Apache drilling side-track in injectite playSources: OGA and NPD

Apache drilling side-track in injectite play

Well 9/19b-29Z kicked off last week, probably further appraising the UK extension of the Froskelår and Gamma discoveries.

As reported by the OGA, well 9/19b-29Z spudded on Monday last week (16/11) in UK Licence P1986. Classified as an exploration well, it is likely that it further appraises the UK-continuation of the Froskelår/Gamma discoveries.

Parent well 9/19b-29A was spudded on 28th September and was completed on Monday last week (16/11), after the rig had moved 130 m with respect to the original 9/19b-29 location that was spudded 14th September this year.

Froskelår discovery

Last year, Aker BP announced the discovery of Froskelår upon completion of well 24/9-14S. It encountered a gas column of 30 m, and an oil column of 38 m in Eocene sandstone injectites of 35 m thick, mainly with very good to excellent reservoir properties. The sandstones are interpreted as being remobilised sands from the Heimdal and Hermod formations in the Paleocene which are injected into the overlying Hordaland Group. The gas/oil contact was observed in the well. The oil/water contact was not observed, as the logs showed an oil down to situation.

A technical horizontal side-track (24/9-14A) was drilled to test the lateral extent of the injectite complex and its reservoir properties.  It encountered several gas-bearing and oil-bearing injectite zones totalling 540 m, with many sandstone layers with variable thickness and variable reservoir properties, mainly from good up to excellent. The gas/oil and oil/water contacts are the same as in the main well.

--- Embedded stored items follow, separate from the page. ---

(* For every state $s$ (closed term of type $\mathsf{State}$), the pair $(\Vdash^s_{\mathcal{IR}},\Vdash^s)$ is a monadic realizability relation for the syntactic monad $\mathcal{IR}$; that is, (MR1) if $r\Vdash^s A$ then $\mathsf{unit}\,r\Vdash^s_{\mathcal{IR}}A$; (MR2) if $r\Vdash^s B\to C$ then $\mathsf{star}\,r\,p\Vdash^s_{\mathcal{IR}}C$ for every $p:\|B\|$ with $p\Vdash^s_{\mathcal{IR}}B$; (MR3) if $p\Vdash^s_{\mathcal{IR}}B$ and $q\Vdash^s_{\mathcal{IR}}C$ then $\mathsf{merge}\,p\,q\Vdash^s_{\mathcal{IR}}B\wedge C$ (for all closed formulas $A,B,C$).
   Context: System $T'$: simply typed $\lambda$-calculus with types from atomic types $\mathsf{Unit},\mathsf{Nat},\mathsf{State},\mathsf{Ex}$ (and others) by $\to,\times,+$; constants $\star$, $\langle\cdot,\cdot\rangle$, $\pi_1,\pi_2$, $\mathrm{inl},\mathrm{inr}$, $\mathrm{case}$, $0$, $\mathrm{succ}$, a bounded recursor, and $\mathsf{exmerge}:\mathsf{Ex}\to\mathsf{Ex}\to\mathsf{Ex}$; usual $\beta$, projection and case reductions; $t\leadsto u$: $t$ reduces to $u$; $\bar n$ numerals. States and exceptions: each closed $s:\mathsf{State}$ denotes a finite partial function $[\![s]\!]$ from pairs (a $(k+1)$-ary predicate symbol $P$, a tuple $(m_1,\dots,m_k)\in\mathbb N^k$) to $\mathbb N$ which is sound: $[\![s]\!](P,\vec m)=m$ implies $P(\vec m,m)$. States are ordered by extension $\le$. Each closed $e:\mathsf{Ex}$ denotes a partial function $[\![e]\!]$ on states with $s\le[\![e]\!](s)$ whenever defined. $e$ properly extends $s$ iff $[\![e]\!](s)$ is defined and $s<[\![e]\!](s)$. $\mathsf{exmerge}$ satisfies (EX): if $e_1$ and $e_2$ both properly extend $s$ then $\mathsf{exmerge}\,e_1\,e_2$ properly extends $s$. Monad $\mathcal{IR}$: $\mathsf TX=\mathsf{State}\to(X+\mathsf{Ex})$; $\mathsf{unit}=\lambda x\lambda\_.\mathrm{inl}\,x$; $\mathsf{star}=\lambda f\lambda a\lambda s.\mathrm{case}(as)(\lambda x.fxs)\mathrm{inr}$; $\mathsf{merge}=\lambda a\lambda b\lambda s.\mathrm{case}(as)(\lambda x.\mathrm{case}(bs)(\lambda y.\mathrm{inl}\langle x,y\rangle)\mathrm{inr})(\lambda e_1.\mathrm{case}(bs)(\lambda\_.\mathrm{inr}\,e_1)(\lambda e_2.\mathrm{inr}(\mathsf{exmerge}\,e_1e_2)))$. Formulas: first-order arithmetic, decidable atomic predicates, $\bot$ atomic never true. Types: $\|A\|=\mathsf T|A|$, $|P|=\mathsf{Unit}$, $|B\wedge C|=|B|\times|C|$, $|B\vee C|=|B|+|C|$, $|\exists xB|=\mathsf{Nat}\times|B|$, $|B\to C|=|B|\to\|C\|$, $|\forall xB|=\mathsf{Nat}\to\|B\|$. Interactive realizability relations (simultaneous induction on closed $A$): $p\Vdash^s_{\mathcal{IR}}A$ (for $p:\|A\|$) iff either $p\,s\leadsto\mathrm{inl}\,r$ with $r\Vdash^sA$, or $p\,s\leadsto\mathrm{inr}\,e$ with $e$ properly extending $s$; and $r\Vdash^sP$ iff $r\leadsto\star$ and $P$ true; $r\Vdash^sB\wedge C$ iff $\pi_1r\Vdash^sB$ and $\pi_2r\Vdash^sC$; $r\Vdash^sB\vee C$ iff $r\leadsto\mathrm{inl}\,a$ with $a\Vdash^sB$ or $r\leadsto\mathrm{inr}\,b$ with $b\Vdash^sC$; $r\Vdash^sB\to C$ iff $rp\Vdash^s_{\mathcal{IR}}C$ for all $p\Vdash^sB$; $r\Vdash^s\forall xB$ iff $r\bar n\Vdash^s_{\mathcal{IR}}B[x:=\bar n]$ for all $n$; $r\Vdash^s\exists xB$ iff $\pi_2r\Vdash^sB[x:=\pi_1r]$. *)

theory Defs
  imports Main
begin

datatype ty = TUnit | TNat | TState | TEx | TBase nat
  | TFun ty ty | TProd ty ty | TSum ty ty

datatype const = CStar | CPair | CFst | CSnd | CInl | CInr | CCase
  | CZero | CSucc | CRec | CExmerge

text \<open>Terms: de Bruijn bound variables (Var), named first-order variables
 (FVar, used only inside formulas, of type Nat), built-in constants (Cst) and
 further typed constants (Ext c, of type cty c), e.g. constants of type State/Ex.\<close>
datatype 'c trm = Var nat | FVar nat | Lam "'c trm" | App "'c trm" "'c trm"
  | Cst const | Ext 'c

inductive ctyp :: "const \<Rightarrow> ty \<Rightarrow> bool" where
  "ctyp CStar TUnit"
| "ctyp CPair (TFun A (TFun B (TProd A B)))"
| "ctyp CFst (TFun (TProd A B) A)"
| "ctyp CSnd (TFun (TProd A B) B)"
| "ctyp CInl (TFun A (TSum A B))"
| "ctyp CInr (TFun B (TSum A B))"
| "ctyp CCase (TFun (TSum A B) (TFun (TFun A C) (TFun (TFun B C) C)))"
| "ctyp CZero TNat"
| "ctyp CSucc (TFun TNat TNat)"
| "ctyp CRec (TFun A (TFun (TFun TNat (TFun A A)) (TFun TNat A)))"
| "ctyp CExmerge (TFun TEx (TFun TEx TEx))"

The size of the Froskelår discovery was estimated between 60 and 130 MMboe recoverable.

Gamma discovery

The smaller Gamma discovery (24/9-3) overlaps with Froskelår and is seen as part of it because is it is in pressure communication. Discovery well 24/9-3 was already drilled in 1981 by Conoco to test a structure that turned out to be a water-wet Paleocene sands, but Eocene sands were found to be oil bearing.